┌─ Records for the task

(* Assume condition (C) holds, so that $f$ is well defined. If $f(i)>0$ for some $i\in\mathbb Z_+$, then $f(j)>0$ for every $j\in\mathbb Z_+$.
   Context: Let $\mathbb Z_+=\{0,1,2,\dots\}$. Let $Q$ be a nonnegative transition kernel on $\mathbb Z_+$: $Q(i,j)\ge 0$ and $0<Q(i,\mathbb Z_+):=\sum_{j\ge0}Q(i,j)<\infty$ for every $i$, and $Q$ is irreducible (for all $i,j$ there is $n\ge1$ with $Q^n(i,j)>0$). Let $P(i,j):=Q(i,j)/Q(i,\mathbb Z_+)$ and let $(X_n)_{n\ge0}$ be a Markov chain on $\mathbb Z_+$ with transition matrix $P$; $\mathbb P_i,\mathbb E_i$ denote probability and expectation given $X_0=i$. Condition (C): for every $i$, $\mathbb E_i\prod_{n=0}^\infty \max(Q(X_n,\mathbb Z_+),1)<\infty$. Under (C) define $f(i):=\mathbb E_i\prod_{n=0}^\infty Q(X_n,\mathbb Z_+)\in[0,\infty)$. *)

theory Defs
  imports "HOL-Probability.Probability"
begin

definition rowmass :: "(nat \<Rightarrow> nat \<Rightarrow> real) \<Rightarrow> nat \<Rightarrow> real" where
  "rowmass Q i = (\<Sum>j. Q i j)"

definition nonneg_kernel :: "(nat \<Rightarrow> nat \<Rightarrow> real) \<Rightarrow> bool" where
  "nonneg_kernel Q \<longleftrightarrow> (\<forall>i j. 0 \<le> Q i j) \<and> (\<forall>i. summable (Q i) \<and> 0 < rowmass Q i)"

text \<open>Matrix powers of Q, computed in [0,\<infinity>] so that infinite sums are always meaningful.\<close>
fun kpow :: "(nat \<Rightarrow> nat \<Rightarrow> real) \<Rightarrow> nat \<Rightarrow> nat \<Rightarrow> nat \<Rightarrow> ennreal" where
  "kpow Q 0 i j = (if i = j then 1 else 0)"
| "kpow Q (Suc n) i j = (\<Sum>k. kpow Q n i k * ennreal (Q k j))"

definition irreducible_kernel :: "(nat \<Rightarrow> nat \<Rightarrow> real) \<Rightarrow> bool" where
  "irreducible_kernel Q \<longleftrightarrow> (\<forall>i j. \<exists>n\<ge>1. kpow Q n i j > 0)"

definition stoch :: "(nat \<Rightarrow> nat \<Rightarrow> real) \<Rightarrow> nat \<Rightarrow> nat \<Rightarrow> real" where
  "stoch Q i j = Q i j / rowmass Q i"

definition markov_chain_from ::
  "'a measure \<Rightarrow> (nat \<Rightarrow> 'a \<Rightarrow> nat) \<Rightarrow> (nat \<Rightarrow> nat \<Rightarrow> real) \<Rightarrow> nat \<Rightarrow> bool" where
  "markov_chain_from M X P i \<longleftrightarrow> prob_space M \<and>
     (\<forall>n. X n \<in> measurable M (count_space UNIV)) \<and>
     (\<forall>n xs. measure M {\<omega> \<in> space M. \<forall>k\<le>n. X k \<omega> = xs k} =
        (if xs 0 = i then (\<Prod>k<n. P (xs k) (xs (Suc k))) else 0))"

definition infprod :: "(nat \<Rightarrow> real) \<Rightarrow> ennreal" where
  "infprod g = lim (\<lambda>N. \<Prod>n<N. ennreal (g n))"

definition condC ::
  "(nat \<Rightarrow> nat \<Rightarrow> real) \<Rightarrow> (nat \<Rightarrow> 'a measure) \<Rightarrow> (nat \<Rightarrow> nat \<Rightarrow> 'a \<Rightarrow> nat) \<Rightarrow> bool" where
  "condC Q M X \<longleftrightarrow> (\<forall>i. (\<integral>\<^sup>+\<omega>. infprod (\<lambda>n. max (rowmass Q (X i n \<omega>)) 1) \<partial>M i) < \<infinity>)"

definition fval ::
  "(nat \<Rightarrow> nat \<Rightarrow> real) \<Rightarrow> (nat \<Rightarrow> 'a measure) \<Rightarrow> (nat \<Rightarrow> nat \<Rightarrow> 'a \<Rightarrow> nat) \<Rightarrow> nat \<Rightarrow> ennreal" where
  "fval Q M X i = (\<integral>\<^sup>+\<omega>. infprod (\<lambda>n. rowmass Q (X i n \<omega>)) \<partial>M i)"

end

theory Submission imports Defs begin
(* Let $f\in\mathcal{K}$ have radius of convergence $R>0$ and fulcrum $F$. Assume that $$\lim_{s\uparrow\ln R}\frac{F^{(k)}(s)}{F''(s)^{k/2}}=0\quad\text{for every integer }k\ge3.$$ Then $f$ is Gaussian.
   Context: The class $\mathcal{K}$ consists of non-constant power series $f(z)=\sum_{n\ge0}a_nz^n$ with radius of convergence $R\in(0,+\infty]$, with $a_n\ge 0$ for all $n$ and $a_0>0$. For $t\in(0,R)$, $X_t$ is the random variable with $\mathbf{P}(X_t=n)=a_nt^n/f(t)$, $n\ge0$ (the Khinchin family of $f$). Write $m_f(t)=\mathbf{E}(X_t)$, $\sigma_f^2(t)=\mathbf{V}(X_t)>0$ and $\breve{X}_t=(X_t-m_f(t))/\sigma_f(t)$. $f$ is called Gaussian if $\breve{X}_t$ converges in distribution to a standard normal random variable as $t\uparrow R$ (i.e. $t\to+\infty$ if $R=+\infty$). The fulcrum of $f$ is $F(s)=\ln f(e^s)$ for real $s<\ln R$; one has $F''(s)=\sigma_f^2(e^s)$. *)

theory Defs
  imports "HOL-Probability.Probability"
begin

text \<open>A power series f(z) = sum a_n z^n is given by its coefficient sequence a.\<close>

definition in_class_K :: "(nat \<Rightarrow> real) \<Rightarrow> bool" where
  "in_class_K a \<longleftrightarrow> (\<forall>n. a n \<ge> 0) \<and> a 0 > 0 \<and> (\<exists>n>0. a n \<noteq> 0)
      \<and> conv_radius a > 0"

definition pser :: "(nat \<Rightarrow> real) \<Rightarrow> real \<Rightarrow> real" where
  "pser a t = (\<Sum>n. a n * t ^ n)"
(* Let $R$ be a Dedekind domain with fraction field $K$ and let $C$ be a nonzero ideal of $R$. Let $E$ be the set of fractional ideals of $R$ in $K$ containing $R$, and define subsets $A_0\subseteq A_1\subseteq\cdots$ of $E$ by $A_0=\{R\}$ and, for $i>0$, $$A_i=A_{i-1}\cup\{I\in E:\ \forall x\in IC\setminus C\ \exists y\in C \text{ such that } (x-y)^{-1}IC\in A_{i-1}\}.$$ If $i\ge 1$ and $I\in A_i\setminus A_{i-1}$, then the ideal class of $I$ equals the ideal class of $C^{-i}$ in the class group of $R$.
   Context: $[J]$ denotes the class of a fractional ideal $J$ in the ideal class group of $R$. *)

theory Defs
  imports "HOL-Computational_Algebra.Polynomial"
begin

text \<open>The ambient field K is the type 'k; R is a subring of K whose fraction field is K.\<close>

definition subring_of :: "'k::field set \<Rightarrow> bool" where
  "subring_of R \<longleftrightarrow> 0 \<in> R \<and> 1 \<in> R \<and>
     (\<forall>a\<in>R. \<forall>b\<in>R. a + b \<in> R \<and> a - b \<in> R \<and> a * b \<in> R)"

definition is_ideal :: "'k::field set \<Rightarrow> 'k set \<Rightarrow> bool" where
  "is_ideal R C \<longleftrightarrow> C \<subseteq> R \<and> 0 \<in> C \<and>
     (\<forall>a\<in>C. \<forall>b\<in>C. a + b \<in> C \<and> a - b \<in> C) \<and> (\<forall>r\<in>R. \<forall>c\<in>C. r * c \<in> C)"

definition is_prime_ideal :: "'k::field set \<Rightarrow> 'k set \<Rightarrow> bool" where
  "is_prime_ideal R P \<longleftrightarrow> is_ideal R P \<and> P \<noteq> R \<and>
     (\<forall>a\<in>R. \<forall>b\<in>R. a * b \<in> P \<longrightarrow> a \<in> P \<or> b \<in> P)"

definition is_maximal_ideal :: "'k::field set \<Rightarrow> 'k set \<Rightarrow> bool" where
  "is_maximal_ideal R M \<longleftrightarrow> is_ideal R M \<and> M \<noteq> R \<and>
     (\<forall>J. is_ideal R J \<and> M \<subseteq> J \<longrightarrow> J = M \<or> J = R)"

definition noetherian :: "'k::field set \<Rightarrow> bool" where
  "noetherian R \<longleftrightarrow> (\<forall>f :: nat \<Rightarrow> 'k set. (\<forall>n. is_ideal R (f n)) \<and> (\<forall>n. f n \<subseteq> f (Suc n))
      \<longrightarrow> (\<exists>N. \<forall>n\<ge>N. f n = f N))"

└─

#### Exercise directions
Above are the entries. Output exactly the lines beginning with the line that has "Context: $[J]$ denotes" and ending with the line that has "(\<forall>a\<in>C. \<forall>b\<in>C. a".

#### Result for this task
   Context: $[J]$ denotes the class of a fractional ideal $J$ in the ideal class group of $R$. *)

theory Defs
  imports "HOL-Computational_Algebra.Polynomial"
begin

text \<open>The ambient field K is the type 'k; R is a subring of K whose fraction field is K.\<close>

definition subring_of :: "'k::field set \<Rightarrow> bool" where
  "subring_of R \<longleftrightarrow> 0 \<in> R \<and> 1 \<in> R \<and>
     (\<forall>a\<in>R. \<forall>b\<in>R. a + b \<in> R \<and> a - b \<in> R \<and> a * b \<in> R)"

definition is_ideal :: "'k::field set \<Rightarrow> 'k set \<Rightarrow> bool" where
  "is_ideal R C \<longleftrightarrow> C \<subseteq> R \<and> 0 \<in> C \<and>
     (\<forall>a\<in>C. \<forall>b\<in>C. a + b \<in> C \<and> a - b \<in> C) \<and> (\<forall>r\<in>R. \<forall>c\<in>C. r * c \<in> C)"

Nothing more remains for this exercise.